Sonstige Einrichtungen Die Aufwendungen hingegen für die sonstigen behindertengerechten Einrichtungen (Bodendusche, Verbreiterung der Innentüren, überfahrbare Schwellen, versetzte Fenstergriffe) in Höhe von 2.984,-- DM (= 53 % von 48.630,-- DM ./. 43.000,-- DM) sind entgegen der Auffassung des Beklagten als außergewöhnliche Belastung anzuerkennen.
§ 33 Abs. 2 Satz 2 EStG steht ihrer Berücksichtigung nicht entgegen, da sie keine Sonderausgaben sind. Nach Wegfall der Nutzungswertbesteuerung eines selbst genutzten Hauses kann der Steuerpflichtige dessen Herstellungskosten nunmehr nach § 10e Abs. 1 Satz 1 EStG bis zu einem bestimmten Höchstbetrag "wie Sonderausgaben abziehen".

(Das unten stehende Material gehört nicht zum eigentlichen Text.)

definition endo_of :: "('a::euclidean_space \<Rightarrow> 'a \<Rightarrow> real) \<Rightarrow> ('a \<Rightarrow> 'a \<Rightarrow> real) \<Rightarrow> 'a \<Rightarrow> 'a" where
  "endo_of b h = (THE \<Phi>. linear \<Phi> \<and> (\<forall>X Y. b (\<Phi> X) Y = h X Y))"

definition path_Phi :: "('a::euclidean_space \<Rightarrow> 'a \<Rightarrow> real) \<Rightarrow> ('a \<Rightarrow> 'a \<Rightarrow> real) \<Rightarrow> real \<Rightarrow> 'a \<Rightarrow> 'a" where
  "path_Phi b h t = inv (\<lambda>X. X - t *\<^sub>R (X - inv (endo_of b h) X))"

definition path_metric :: "('a::euclidean_space \<Rightarrow> 'a \<Rightarrow> real) \<Rightarrow> ('a \<Rightarrow> 'a \<Rightarrow> real) \<Rightarrow> real \<Rightarrow> 'a \<Rightarrow> 'a \<Rightarrow> real" where
  "path_metric b h t X Y = b (path_Phi b h t X) Y"

definition path_kappa :: "('a::euclidean_space \<Rightarrow> 'a \<Rightarrow> 'a) \<Rightarrow> ('a \<Rightarrow> 'a \<Rightarrow> real) \<Rightarrow> ('a \<Rightarrow> 'a \<Rightarrow> real) \<Rightarrow> 'a \<Rightarrow> 'a \<Rightarrow> real \<Rightarrow> real" where
  "path_kappa br b h X Y t =
     sec_k br (path_metric b h t) (inv (path_Phi b h t) X) (inv (path_Phi b h t) Y)"

definition path_nonneg :: "('a::euclidean_space \<Rightarrow> 'a \<Rightarrow> 'a) \<Rightarrow> ('a \<Rightarrow> 'a \<Rightarrow> real) \<Rightarrow> ('a \<Rightarrow> 'a \<Rightarrow> real) \<Rightarrow> bool" where
  "path_nonneg br b h \<longleftrightarrow> (\<forall>t. 0 \<le> t \<and> t \<le> 1 \<longrightarrow> (\<forall>Z1 Z2. sec_k br (path_metric b h t) Z1 Z2 \<ge> 0))"

definition path_inf_nonneg :: "('a::euclidean_space \<Rightarrow> 'a \<Rightarrow> 'a) \<Rightarrow> ('a \<Rightarrow> 'a \<Rightarrow> real) \<Rightarrow> ('a \<Rightarrow> 'a \<Rightarrow> real) \<Rightarrow> bool" where
  "path_inf_nonneg br b h \<longleftrightarrow>
     (\<forall>X Y. \<exists>\<epsilon>>0. \<forall>t. 0 \<le> t \<and> t < \<epsilon> \<longrightarrow> path_kappa br b h X Y t \<ge> 0)"

definition path_loc_nonneg :: "('a::euclidean_space \<Rightarrow> 'a \<Rightarrow> 'a) \<Rightarrow> ('a \<Rightarrow> 'a \<Rightarrow> real) \<Rightarrow> ('a \<Rightarrow> 'a \<Rightarrow> real) \<Rightarrow> bool" where
  "path_loc_nonneg br b h \<longleftrightarrow>
     (\<exists>\<epsilon>>0. \<forall>X Y. \<forall>t. 0 \<le> t \<and> t < \<epsilon> \<longrightarrow> path_kappa br b h X Y t \<ge> 0)"

end

theory Submission
  imports Defs
begin

(* For b = lam h0 one has inv (endo_of b h) = lam P, where P is the inverse of the
   h0-representative of h. Hence I - t Psi = (1 - t) I + lam t P = D ((1 - s) I + s P) with
   D = 1 - t + lam t and s = reparam lam t = lam t / D: the path from lam h0 at time t is the
   path from h0 at time s, with the metric scaled by lam / D. Sectional curvature is invariant
   under such a homothety and homogeneous of degree 4 in its arguments, so kappa at t equals
   lam D^3 times kappa at s for the path from h0. The time change t |-> s is a continuous
   bijection of [0,1] fixing 0, with inverse the time change for 1 / lam, so all three
   nonnegativity notions transfer. *)

definition reparam :: "real \<Rightarrow> real \<Rightarrow> real" where
  "reparam c t = c * t / (1 - t + c * t)"

lemma reparam_denom_pos:
  fixes c t :: real
  assumes "c > 0" "0 \<le> t" "t \<le> 1"
  shows "1 - t + c * t > 0"
proof -
  from assms have "0 \<le> c * t" "t = 0 \<or> 0 < c * t" by (auto simp: zero_less_mult_iff)
  then show ?thesis using assms(3) by linarith
qed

Nachdem der Gesetzgeber in § 10 EStG die als Sonderausgaben anzusehenden Aufwendungen im einzelnen anführt, einerseits in den §§ 10a und 10b EStG den Abzug von Aufwendungen als Sonderausgaben zuläßt und andererseits in § 10e EStG den Abzug von Aufwendungen wie Sonderausgaben regelt, hat er damit in differenzierender Weise hinreichend zum Ausdruck gebracht, daß die Abzugsbeträge nach § 10e EStG ihrer Natur nach keine Sonderausgaben darstellen.

Der Senat sieht sich bei dieser Betrachtung in Übereinstimmung mit Herrmann / Heuer / Raupach, 20. Aufl., § 10e Rz. 90; Hartmann / Böttcher / Nissen / Bordewin, EStG, 133. N.-Lfg., § 10e Rz. 8, 80 sowie Schmidt, EStG, 11. Aufl., § 10e Anm. 4 c (zweifelnd inzwischen 12. Aufl.); auch die Rechtsprechung des BFH (vgl. Urteil vom 4. Dezember 1991, X R 89/90, BStBl II 1992, 295, das vom § 10e EStG als eigenständigem Forderungstatbestand spricht) deutet in diese Richtung. Anderer Auffassung sind hingegen Blümich, EStG, 14. Aufl., § 10e Tz. 26 und Littmann, EStG, 15. Aufl., § 10e Rz. 2). Die Qualifizierung als Nicht- Sonderausgaben hat zur Folge, daß die für den behindertengerechten Ausbau entstandenen und in die Herstellungskosten eingeflossenen Mehraufwendungen als außergewöhnliche Belastung in Betracht kommen.

Anders als bei der Aufzugsanlage ist den oben im einzelnen angeführten sonstigen Einrichtungen kein Gegenwert beizumessen; infolge ihrer funktionsmäßigen Nähe zu den medizinischen Hilfsmitteln dienen sie ausschließlich dem Kläger selbst und sind nur für ihn bestimmt und nutzbar mit der Folge, daß ihre Marktfähigkeit zurücktritt.

Die Kostenentscheidung folgt aus § 136 Abs. 1 Satz 1 FGO, der Ausspruch über die vorläufige Vollstreckbarkeit aus § 151 Abs. 3 FGO, §§ 708 Nr. 10, 711 ZPO und die Fassung des Tenors aus § 100 Abs. 2 FGO.

Die Revision wurde gemäß § 115 Abs. 2 Nr. 1 FGO zugelassen, da die Frage, ob die Abzugsbeträge nach § 10e EStG als Sonderausgaben im Sinne des § 33 Abs. 2 Satz 2 EStG anzusehen sind, höchstrichterlich - soweit ersichtlich - noch nicht entschieden ist.